definition QOT :: "real \<Rightarrow> 'a::euclidean_space measure \<Rightarrow> 'a measure \<Rightarrow> ennreal" where
  "QOT \<epsilon> \<mu> \<nu> = (INF \<pi>\<in>{\<pi>. QOT_admissible \<mu> \<nu> \<pi>}. QOT_obj \<epsilon> \<mu> \<nu> \<pi>)"

definition QOT_optimizer :: "real \<Rightarrow> 'a::euclidean_space measure \<Rightarrow> 'a measure \<Rightarrow> ('a \<times> 'a) measure \<Rightarrow> bool" where
  "QOT_optimizer \<epsilon> \<mu> \<nu> \<pi> \<longleftrightarrow> QOT_admissible \<mu> \<nu> \<pi> \<and> QOT_obj \<epsilon> \<mu> \<nu> \<pi> = QOT \<epsilon> \<mu> \<nu>"

text \<open>Delta_eps = QOT_eps - OT (both finite under the standing assumptions).\<close>
definition QOT_gap :: "real \<Rightarrow> 'a::euclidean_space measure \<Rightarrow> 'a measure \<Rightarrow> real" where
  "QOT_gap \<epsilon> \<mu> \<nu> = enn2real (QOT \<epsilon> \<mu> \<nu>) - enn2real (OT \<mu> \<nu>)"

definition monge_map :: "'a::euclidean_space measure \<Rightarrow> 'a measure \<Rightarrow> ('a \<Rightarrow> 'a) \<Rightarrow> bool" where
  "monge_map \<mu> \<nu> T \<longleftrightarrow> T \<in> borel_measurable \<mu> \<and> distr \<mu> borel T = \<nu> \<and>
     (\<exists>\<phi>::'a \<Rightarrow> real. convex_on UNIV \<phi> \<and>
        (AE x in \<mu>. (\<phi> has_derivative (\<lambda>h. T x \<bullet> h)) (at x)))"
(* Let the problem data, partition, residuals, augmented Lagrangian and primal updates be as described in the context. Let initial values $X^0_i\in[-u,u]$, $Z^0\in[-u,u]$, $Y^{c,0}_i\in[0,u^c_{Y_i}]$, $\mu^{c,0}_i\in[0,u^c_{\mu_i}]$ be given, and generate the primal sequences by (U1)–(U3) and the dual sequences by the descent rule (D). Then for every $K\in\mathbb N$, $$ L^0\ge L^K+\sum_{i=1}^N\sum_{k=1}^K\sum_{c\in\mathcal C}\sum_j \alpha^{c,k}_{i,j}\,\big|(r^{c,k}_i)_j\big|^2+\sum_{k=0}^{K-1}P^k+\sum_{i=1}^N\sum_{k=0}^{K-1}\sum_{l=1}^M\Big({}^{1}\sigma^k_{i,l}\|X^k_{i,l}-X^{k+1}_{i,l}\|_1+U^k_{i,l}\Big), $$ where $r^{c,k}_i:=r^c_i(X^k_i,Z^k,Y^{c,k}_i)$, $L^k:=\sum_i L_i(X^k_i,Z^k,(Y^{c,k}_i)_c,(\mu^{c,k}_i)_c)$, $$ P^k:=\sum_{i=1}^N\Big[\sum_{l}{}^{2}\sigma^k_{i,l}\|X^{k+1}_{i,l}-X^k_{i,l}\|^2+\rho_i\|X^{k+1}_i-X^k_i\|^2+(\tau^k+\rho_i)\|Z^{k+1}-Z^k\|^2+\sum_{c\in\mathcal C}\Big(\gamma^{c,k}_i+\tfrac{\rho_i}{2}\Big)\|Y^{c,k+1}_i-Y^{c,k}_i\|^2 $$ $$ \qquad+\tfrac{\rho_i}{2}\sum_{l}\Big(\|F_i(X^{k+1,k+1}_{i,l})-F_i(X^{k+1,k}_{i,l})\|^2+\|G_{i,l}(X^{k+1}_{i,l}-X^k_{i,l})\|^2+2\|H_{i,l}(X^{k+1}_{i,l}-X^k_{i,l})\|^2\Big)\Big], $$ and $$ U^k_{i,l}:=\Big\langle \mu^{F,k}_i+\rho_i\big(F_i(X^{k+1,k+1}_{i,l})+Y^{F,k}_i\big),\ F_i(X^{k+1,k}_{i,l})-F_i(X^{k+1,k+1}_{i,l})-\big(\nabla_{X_{i,l}}F_i(X^{k+1,k+1}_{i,l})\big)^{\!T}\!\!\cdot(X^k_{i,l}-X^{k+1}_{i,l})\Big\rangle, $$ the last product denoting the vector whose $j$-th entry is $(X^k_{i,l}-X^{k+1}_{i,l})^T\nabla_{X_{i,l}}(F_i)_j(X^{k+1,k+1}_{i,l})$.
   Context: Problem data. $n,N,M\in\mathbb N$. $u\in\mathbb R^n$ with $u>0$. $f(Z)=\langle f_0,Z\rangle$ is linear on $\mathbb R^n$. For each $i=1,\dots,N$: $F_i:\mathbb R^n\to\mathbb R^{p_i}$ has convex quadratic components (each component of the form $a(Z)+c(Z)^2$ or $c(Z)^2-a(Z)b(Z)$ with $a,b,c$ affine, convex on $[-u,u]$); $G_i:\mathbb R^n\to\mathbb R^{q_i}$ and $H_i:\mathbb R^n\to\mathbb R^{s_i}$ are affine. Vectors in $\mathbb R^n$ are partitioned into $M$ disjoint subvectors $Z=(Z_1,\dots,Z_M)$, $Z_l\in\mathbb R^{m_l}$, $\sum_l m_l=n$, the same partition for every $X_i\in\mathbb R^n$; correspondingly $u=(u_1,\dots,u_M)$, $f(Z)=\sum_l\langle f_l,Z_l\rangle$, $G_i(Z)=\sum_l G_{i,l}Z_l+G_{i,0}$, $H_i(Z)=\sum_l H_{i,l}Z_l+H_{i,0}$ with matrices $G_{i,l},H_{i,l}$. Slack variables and residuals. Let $\mathcal C=\{pX,nX,F,G,pH,nH\}$. For each $i$ there are slack vectors $Y^{pX}_i,Y^{nX}_i\in\mathbb R^n$, $Y^F_i\in\mathbb R^{p_i}$, $Y^G_i\in\mathbb R^{q_i}$, $Y^{pH}_i,Y^{nH}_i\in\mathbb R^{s_i}$, with given positive upper bound vectors $u^c_{Y_i}$ (slack boxes $[0,u^c_{Y_i}]$), and dual vectors $\mu^c_i$ of the same sizes. Residuals: $r^{pX}_i=X_i-Z+Y^{pX}_i$, $r^{nX}_i=Z-X_i+Y^{nX}_i$, $r^F_i=F_i(X_i)+Y^F_i$, $r^G_i=G_i(X_i)+Y^G_i$, $r^{pH}_i=H_i(X_i)+Y^{pH}_i$, $r^{nH}_i=-H_i(X_i)+Y^{nH}_i$. With $\rho_i>0$, the augmented Lagrangian of block $i$ is $$L_i=f(X_i)+\sum_{c\in\mathcal C}\langle\mu^c_i,r^c_i\rangle+\frac{\rho_i}{2}\sum_{c\in\mathcal C}\|r^c_i\|^2.$$ Gauss–Seidel notation: $X^{k+1,k}_{i,l}:=(X^{k+1}_{i,1},\dots,X^{k+1}_{i,l-1},X^k_{i,l},X^k_{i,l+1},\dots,X^k_{i,M})$ and $X^{k+1,k+1}_{i,l}:=(X^{k+1}_{i,1},\dots,X^{k+1}_{i,l},X^k_{i,l+1},\dots,X^k_{i,M})$. Parameters: ${}^{1}\sigma^k_{i,l}\ge0$, ${}^{2}\sigma^k_{i,l}>0$, $\tau^k>0$, $\gamma^{c,k}_i>0$. Updates at iteration $k$ (for each $i$): (U1) For $l=1,\dots,M$ in order, $X^{k+1}_{i,l}$ is the minimizer over $X_{i,l}\in[-u_l,u_l]$ of $L_i\big((X^{k+1}_{i,1},\dots,X^{k+1}_{i,l-1},X_{i,l},X^k_{i,l+1},\dots,X^k_{i,M}),Z^k,(Y^{c,k}_i)_c,(\mu^{c,k}_i)_c\big)+{}^{1}\sigma^k_{i,l}\|X_{i,l}-X^k_{i,l}\|_1+\tfrac{{}^{2}\sigma^k_{i,l}}{2}\|X_{i,l}-X^k_{i,l}\|^2$. (U2) $Z^{k+1}$ is the minimizer over $Z\in[-u,u]$ of $\sum_{i=1}^N\Big(\langle\mu^{pX,k}_i,X^{k+1}_i-Z+Y^{pX,k}_i\rangle+\langle\mu^{nX,k}_i,Z-X^{k+1}_i+Y^{nX,k}_i\rangle+\tfrac{\rho_i}{2}\big(\|X^{k+1}_i-Z+Y^{pX,k}_i\|^2+\|Z-X^{k+1}_i+Y^{nX,k}_i\|^2\big)+\tfrac{\tau^k}{2}\|Z-Z^k\|^2\Big)$. (U3) For each $c\in\mathcal C$, $Y^{c,k+1}_i$ is the minimizer over $Y\in[0,u^c_{Y_i}]$ of $\langle\mu^{c,k}_i,r^c_i(X^{k+1}_i,Z^{k+1},Y)\rangle+\tfrac{\rho_i}{2}\|r^c_i(X^{k+1}_i,Z^{k+1},Y)\|^2+\tfrac{\gamma^{c,k}_i}{2}\|Y-Y^{c,k}_i\|^2$, where $r^c_i(X_i,Z,Y)$ denotes the residual $r^c_i$ with $Y^c_i=Y$. Dual descent rule (D): given positive scalars $\alpha^c_i$ and positive dual upper-bound vectors $u^c_{\mu_i}$, set, with $r^{c,k+1}_i:=r^c_i(X^{k+1}_i,Z^{k+1},Y^{c,k+1}_i)$, $\mu^{c,k+1}_i:=\mu^{c,k}_i-\alpha^{c,k+1}_i\,r^{c,k+1}_i$, where $\alpha^{c,k+1}_i$ is the diagonal matrix with entries $\alpha^{c,k+1}_{i,j}=\alpha^c_i$ if $\mu^{c,k}_{i,j}-\alpha^c_i(r^{c,k+1}_i)_j\in[0,(u^c_{\mu_i})_j]$ and $\alpha^{c,k+1}_{i,j}=0$ otherwise. *)

theory Defs
  imports "HOL-Analysis.Analysis"
begin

—————

**WHAT THIS TASK INVOLVES**
All that is wanted is an exact copy of the lines from the line holding "theory Defs" through the end of the material above, including both.

**COMPLETED TASK**
theory Defs
  imports "HOL-Analysis.Analysis"
begin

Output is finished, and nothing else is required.